The legislative effort came against the backdrop of a partisan House vote to sue Obama for unilateral changes in his signature health care law. Republicans accused him of shredding the Constitution, while Democrats described the vote as a veiled attempt at impeachment.

The near party-line vote on Wednesday was 225-201.

Determined to help Israel amid weeks of deadly fighting in Gaza with Hamas, the House and Senate also were expected to approve $225 million for Israel’s Iron Dome missile defense system that intercepts short-range rockets and mortars.

Support for Israel is strongly bipartisan in Congress. Immigration, on the other hand, causes sharp splits.

With a day left before the government plans to start reducing federal highway aid payments to states, the House and Senate were still wrangling over legislation to keep the money flowing. Timing and how to pay for the measure were the key issues.

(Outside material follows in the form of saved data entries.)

definition mengerin :: "'a topology \<Rightarrow> 'a set \<Rightarrow> bool" where
  "mengerin X S \<longleftrightarrow> S \<subseteq> topspace X \<and>
     (\<forall>\<U>. (\<forall>n. (\<forall>U\<in>\<U> n. openin X U) \<and> S \<subseteq> \<Union>(\<U> n)) \<longrightarrow> finite_selection_covers \<U> S)"

lemma mengerin_subset_topspace: "mengerin X S \<Longrightarrow> S \<subseteq> topspace X"
  by (simp add: mengerin_def)

lemma mengerinD:
  assumes "mengerin X S" "\<And>n. \<forall>U\<in>\<U> n. openin X U" "\<And>n. S \<subseteq> \<Union>(\<U> n)"
  shows "finite_selection_covers \<U> S"
  using assms unfolding mengerin_def by blast

lemma mengerinI:
  assumes "S \<subseteq> topspace X"
    and "\<And>\<U>. (\<And>n. \<forall>U\<in>\<U> n. openin X U) \<Longrightarrow> (\<And>n. S \<subseteq> \<Union>(\<U> n)) \<Longrightarrow> finite_selection_covers \<U> S"
  shows "mengerin X S"
  using assms unfolding mengerin_def by blast

lemma menger_space_finite_selection_covers:
  "menger_space X \<longleftrightarrow>
     (\<forall>\<U>. (\<forall>n. (\<forall>U\<in>\<U> n. openin X U) \<and> topspace X \<subseteq> \<Union>(\<U> n))
            \<longrightarrow> finite_selection_covers \<U> (topspace X))"
  unfolding menger_space_def finite_selection_covers_def ..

The House bill allocates $10.8 bill to keep highway and transit programs going through the end of May 2015. The $8.1 billion Senate bill would pay for highway and transit aid through Dec. 19.

The Transportation Department has said that by Friday the federal Highway Trust Fund will no longer have enough money to cover promised aid and states should expect an average reduction of 28 percent in aid payments unless Congress acts first.

Senate Democrats have said they will not allow that happen, and they are expected to accede to the House demands.